When using a bootstrap action with the EMR ruby client, remember to use commas instead of spaces between arguments:

--bootstrap-action s3://files.cascading.org/sdk/2.7/install-cascading-sdk.sh --args "--tmpdir,/tmp"

If you pass an API key for Driven to the bootstrap action the driven plugin will automatically be installed on EMR. If you don't pass it, you can install the driven plugin later by running install-driven-plugin.

The boostrap action will detect if your cluster is based on Hadoop 1.x or 2.x and will set the Cascading platform accordingly.

Other

Redistribution

This SDK was created to make it easier for third-parties to redistribute Cascading and any related documentation and sub-projects.

To get the latest redistributable package follow the download instructions above.

Because the SDK includes many pre-built binaries and tools it is important that each third-party shipping this SDK along with their own Hadoop distribution "certify" their distribution as being both binary and functionally compatible.

Binary Compatibility

This SDK includes the Cascading Compatibility project under tools/compatibility.
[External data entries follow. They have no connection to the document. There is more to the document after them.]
(* Let $\{x^k\}_k$, $\{z^k\}_k$ be generated by the normal map-based stochastic proximal gradient method described in the context. Then for all integers $0\le m<n$ and every sample $\omega$ with $L(\omega)<\infty$, writing $\tau=\tau_{m,n}$ and $e=e^{m,n}$, \begin{align*} \|F^\lambda_{\mathrm{nor}}(z^n)\|^2&\le\Big(1-\frac{\tau}{\lambda}\Big)^2\|F^\lambda_{\mathrm{nor}}(z^m)\|^2+\Big(L^2+\frac{2L}{\lambda}+\frac1{\lambda^2}\Big)\|x^n-x^m\|^2+\frac{1}{\lambda^2}\|e\|^2\\ &\quad+\frac2\lambda\Big(1-\frac\tau\lambda\Big)\big\langle F^\lambda_{\mathrm{nor}}(z^m),\lambda(\nabla f(x^n)-\nabla f(x^m))-(x^n-x^m)+e\big\rangle\\ &\quad+\frac2\lambda\langle\nabla f(x^n)-\nabla f(x^m),e\rangle-\frac{2}{\lambda^2}\langle e,x^n-x^m\rangle. \end{align*}
   Context: Let $\varphi:\mathbb{R}^d\to(-\infty,\infty]$ be convex, lower semicontinuous and proper, let $f:\mathbb{R}^d\to\mathbb{R}$ be continuously differentiable on an open set containing $\mathrm{dom}\,\varphi$, and set $\psi=f+\varphi$. For $\lambda>0$ let $\mathrm{prox}_{\lambda\varphi}(x)=\operatorname{argmin}_y\{\varphi(y)+\frac{1}{2\lambda}\|x-y\|^2\}$, $\mathrm{env}_{\lambda\varphi}$ the Moreau envelope with $\nabla\mathrm{env}_{\lambda\varphi}(x)=(x-\mathrm{prox}_{\lambda\varphi}(x))/\lambda$, and $F^\lambda_{\mathrm{nor}}(z)=\nabla f(\mathrm{prox}_{\lambda\varphi}(z))+\frac1\lambda(z-\mathrm{prox}_{\lambda\varphi}(z))$. Method: on a filtered probability space $(\Omega,\mathcal F,\{\mathcal F_k\}_k,\mathbb P)$, with $\lambda>0$, step sizes $\alpha_k>0$, deterministic $z^0$, $x^0=\mathrm{prox}_{\lambda\varphi}(z^0)$, and $\mathcal F_{k+1}$-measurable random vectors $g^k$, set $z^{k+1}=z^k-\alpha_k(g^k+\nabla\mathrm{env}_{\lambda\varphi}(z^k))$, $x^{k+1}=\mathrm{prox}_{\lambda\varphi}(z^{k+1})$. Let $e^k=g^k-\nabla f(x^k)$. $L(\omega)=\sup_{\bar x\in\mathrm{cl}(\mathrm{conv}\{x^k(\omega)\}_k)}\mathrm{lip}\,\nabla f(\bar x)$ with $\mathrm{lip}\,\nabla f(\bar x)=\limsup_{x,x'\to\bar x,\,x\ne x'}\|\nabla f(x)-\nabla f(x')\|/\|x-x'\|$. $\tau_{m,n}=\sum_{i=m}^{n-1}\alpha_i$ and $e^{m,n}=-\sum_{i=m}^{n-1}\alpha_i[F^\lambda_{\mathrm{nor}}(z^i)-F^\lambda_{\mathrm{nor}}(z^m)]-\sum_{i=m}^{n-1}\alpha_ie^i$. *)

theory Defs
  imports "HOL-Analysis.Analysis"
begin
lemma laurent_on_circle_nonneg_degree_0:
  assumes "degree F = 0" and nonneg: "\<And>x. laurent_on_circle F m x \<in> \<real>\<^sub>\<ge>\<^sub>0"
  shows "\<exists>h. \<forall>x. laurent_on_circle F m x = of_real ((cmod (poly h (cis x)))\<^sup>2)"
proof -
  define c where "c = coeff F 0"
  have F: "F = [:c:]"
    using degree_0_id [OF assms(1)] by (simp add: c_def)
  have E: "laurent_on_circle F m x = cis (- (of_int m * x)) * c" for x
    by (simp add: laurent_on_circle_def F)
  have c: "c \<in> \<real>\<^sub>\<ge>\<^sub>0"
    using nonneg [of 0] by (simp add: E)
  have "c = 0" if "m \<noteq> 0"
  proof -
    have "cis (- pi) = -1"
      by (simp add: complex_eq_iff)
    then have "- c \<in> \<real>\<^sub>\<ge>\<^sub>0"
      using nonneg [of "pi / of_int m"] that by (simp add: E)
    with c show ?thesis
      by (auto simp: complex_nonneg_Reals_iff complex_eq_iff)
  qed
  then have const: "laurent_on_circle F m x = c" for x
    unfolding E by (cases "m = 0") auto
  have sqrt: "of_real ((cmod (poly [:of_real (sqrt (Re c)):] (cis x)))\<^sup>2) = c" for x
    using c by (auto simp: complex_nonneg_Reals_iff complex_eq_iff)
  have "laurent_on_circle F m x = of_real ((cmod (poly [:of_real (sqrt (Re c)):] (cis x)))\<^sup>2)" for x
    by (simp only: const sqrt)
  then show ?thesis
    by blast
qed

lemma laurent_on_circle_nonneg_divide_root_pair:
  assumes nonneg: "\<And>x. laurent_on_circle ([:-\<alpha>, 1:] * [:-inverse (cnj \<alpha>), 1:] * G) m x \<in> \<real>\<^sub>\<ge>\<^sub>0"
    and "\<alpha> \<noteq> 0"
  shows "laurent_on_circle (smult (- inverse (cnj \<alpha>)) G) (m - 1) x \<in> \<real>\<^sub>\<ge>\<^sub>0"
proof (rule laurent_on_circle_nonneg_from_off_point)
  fix y assume "cis y \<noteq> \<alpha>"
  then have "laurent_on_circle (smult (- inverse (cnj \<alpha>)) G) (m - 1) y =
      laurent_on_circle ([:-\<alpha>, 1:] * [:-inverse (cnj \<alpha>), 1:] * G) m y / of_real ((cmod (cis y - \<alpha>))\<^sup>2)"
    unfolding laurent_on_circle_root_pair [OF \<open>\<alpha> \<noteq> 0\<close>] by simp
  then show "laurent_on_circle (smult (- inverse (cnj \<alpha>)) G) (m - 1) y \<in> \<real>\<^sub>\<ge>\<^sub>0"
    using nonneg [of y] by (simp add: nonneg_Reals_divide_I)
qed

theorem fejer_riesz:
  assumes "\<And>x. laurent_on_circle F m x \<in> \<real>\<^sub>\<ge>\<^sub>0"
  shows "\<exists>h. \<forall>x. laurent_on_circle F m x = of_real ((cmod (poly h (cis x)))\<^sup>2)"
  using assms
proof (induction "degree F" arbitrary: F m rule: less_induct)
  case less
  show ?case
  proof (cases "degree F = 0")
    case True
    then show ?thesis
      using less.prems by (rule laurent_on_circle_nonneg_degree_0)
  next
    case False
    then obtain \<alpha> where root: "poly F \<alpha> = 0"
      using alg_closed_imp_poly_has_root [of F] by auto
    show ?thesis
    proof (cases "\<alpha> = 0")
      case True
      obtain a G where "F = pCons a G"
        by (rule pCons_cases)
      with root True have F: "F = pCons 0 G"
        by simp
      have "degree G < degree F"
        using False by (cases "G = 0") (simp_all add: F)
      moreover have "\<And>x. laurent_on_circle G (m - 1) x \<in> \<real>\<^sub>\<ge>\<^sub>0"
        using less.prems by (simp add: F laurent_on_circle_pCons_0)
      ultimately show ?thesis
        using less.hyps by (simp add: F laurent_on_circle_pCons_0)
    next
      case False
      obtain G where F: "F = [:-\<alpha>, 1:] * [:-inverse (cnj \<alpha>), 1:] * G"
        using laurent_on_circle_nonneg_root_pair_dvd [OF less.prems False root] by (elim dvdE)
      define G' where "G' = smult (- inverse (cnj \<alpha>)) G"
      have "G \<noteq> 0"
        using \<open>degree F \<noteq> 0\<close> F by auto
      then have "degree F = degree G + 2"
        unfolding F by (subst degree_mult_eq) (auto simp: degree_mult_eq)
      then have "degree G' < degree F"
        using False by (simp add: G'_def)
      moreover have "\<And>x. laurent_on_circle G' (m - 1) x \<in> \<real>\<^sub>\<ge>\<^sub>0"
        using less.prems False unfolding F G'_def by (rule laurent_on_circle_nonneg_divide_root_pair)
      ultimately obtain h where h: "\<forall>x. laurent_on_circle G' (m - 1) x = of_real ((cmod (poly h (cis x)))\<^sup>2)"
        using less.hyps by blast
      have "laurent_on_circle F m x = of_real ((cmod (poly ([:-\<alpha>, 1:] * h) (cis x)))\<^sup>2)" for x
      proof -
        have "poly ([:-\<alpha>, 1:] * h) (cis x) = (cis x - \<alpha>) * poly h (cis x)"
          by (simp add: algebra_simps)
        then show ?thesis
          using h unfolding F G'_def laurent_on_circle_root_pair [OF False]
          by (simp only: norm_mult power_mult_distrib of_real_mult)
      qed
      then show ?thesis
        by blast
    qed
  qed
qed

lemma trig_poly_eq_laurent_on_circle:
  assumes "trig_poly t"
  obtains F m where "\<And>x. laurent_on_circle F m x = of_real (t x)"
proof -
  obtain M a b where t: "\<And>x. t x = (\<Sum>k\<le>M. a k * cos (real k * x) + b k * sin (real k * x))"
    using assms unfolding trig_poly_def by blast
  define c where "c k = (complex_of_real (a k) - \<i> * complex_of_real (b k)) / 2" for k
  define F where "F = (\<Sum>k\<le>M. monom (c k) (M + k) + monom (cnj (c k)) (M - k))"
  have "laurent_on_circle F (int M) x = of_real (t x)" for x
  proof -
    have "laurent_on_circle F (int M) x
        = (\<Sum>k\<le>M. c k * (cis (- (real M * x)) * cis x ^ (M + k))
                  + cnj (c k) * (cis (- (real M * x)) * cis x ^ (M - k)))"
      unfolding laurent_on_circle_def F_def
      by (simp add: poly_sum poly_monom sum_distrib_left algebra_simps)
    also have "\<dots> = (\<Sum>k\<le>M. c k * cis (real k * x) + cnj (c k) * cis (- (real k * x)))"
      by (intro sum.cong refl)
        (simp add: Complex.DeMoivre cis_mult of_nat_diff algebra_simps)
    also have "\<dots> = (\<Sum>k\<le>M. of_real (a k * cos (real k * x) + b k * sin (real k * x)))"
      by (intro sum.cong refl) (simp add: c_def complex_eq_iff field_simps)
    also have "\<dots> = of_real (t x)"
      by (simp add: t)
    finally show ?thesis .
  qed
  then show ?thesis
    using that by blast
qed

lemma nonneg_trig_poly_eq_norm_square:
  assumes "trig_poly t" and "\<And>x. 0 \<le> t x"
  obtains h :: "complex poly" where "\<And>x. t x = (cmod (poly h (cis x)))\<^sup>2"
proof -
  obtain F m where t: "\<And>x. laurent_on_circle F m x = of_real (t x)"
    using trig_poly_eq_laurent_on_circle [OF assms(1)] by blast
  then have "\<And>x. laurent_on_circle F m x \<in> \<real>\<^sub>\<ge>\<^sub>0"
    using assms(2) by simp
  then obtain h where "\<forall>x. laurent_on_circle F m x = of_real ((cmod (poly h (cis x)))\<^sup>2)"
    using fejer_riesz by blast
  then show ?thesis
    using that t by (metis of_real_eq_iff)
qed

lemma set_integral_nonneg:
  fixes g :: "'a \<Rightarrow> real"
  assumes "\<And>x. x \<in> A \<Longrightarrow> 0 \<le> g x"
  shows "0 \<le> (LINT x:A|M. g x)"
  unfolding set_lebesgue_integral_def
  by (rule integral_nonneg_AE) (use assms in \<open>auto simp: indicator_def\<close>)

lemma le_sigma2I:
  assumes "\<And>q. degree q \<le> n \<Longrightarrow> poly q 1 = 1 \<Longrightarrow>
             c \<le> (LBINT x:{-pi..pi}. (cmod (poly q (cis x)))\<^sup>2 * w x)"
  shows "c \<le> sigma2 w n"
  unfolding sigma2_def
proof (rule cInf_greatest)
  have "(LBINT x:{-pi..pi}. (cmod (poly 1 (cis x)))\<^sup>2 * w x)
      \<in> {LBINT x:{-pi..pi}. (cmod (poly q (cis x)))\<^sup>2 * w x | q. degree q \<le> n \<and> poly q 1 = 1}"
    by (intro CollectI exI [of _ 1]) simp
  then show "{LBINT x:{-pi..pi}. (cmod (poly q (cis x)))\<^sup>2 * w x | q. degree q \<le> n \<and> poly q 1 = 1} \<noteq> {}"
    by blast
qed (use assms in blast)

lemma sigma2_le:
  assumes "\<And>x. x \<in> {-pi..pi} \<Longrightarrow> 0 \<le> w x" and "degree q \<le> n" and "poly q 1 = 1"
  shows "sigma2 w n \<le> (LBINT x:{-pi..pi}. (cmod (poly q (cis x)))\<^sup>2 * w x)"
  unfolding sigma2_def
proof (rule cInf_lower)
  show "bdd_below {LBINT x:{-pi..pi}. (cmod (poly q (cis x)))\<^sup>2 * w x | q. degree q \<le> n \<and> poly q 1 = 1}"
    by (rule bdd_belowI [of _ 0]) (auto intro!: set_integral_nonneg mult_nonneg_nonneg assms(1))
qed (use assms(2,3) in blast)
This project is also available on GitHub at https://github.com/Cascading/cascading.compatibility.

Please follow the instructions on the README.md file to run the binary compatibility test.

Functional Compatibility

To test Cascading on a running cluster, this SDK includes the Cascading Load project under tools/load-<release date>. This project is also available on GitHub at https://github.com/Cascading/cascading.load.

Please run the Load application on a given cluster with the following switches:

  > load --certify-tests -I input -O output -W working

This will execute a set of preconfigured work loads to verify any standard Cascading application can run at scale.

Building the SDK

To build a local version of the SDK package, execute the following command:

 > gradle packageDist

Note downloading the pre-built release is the preferred method.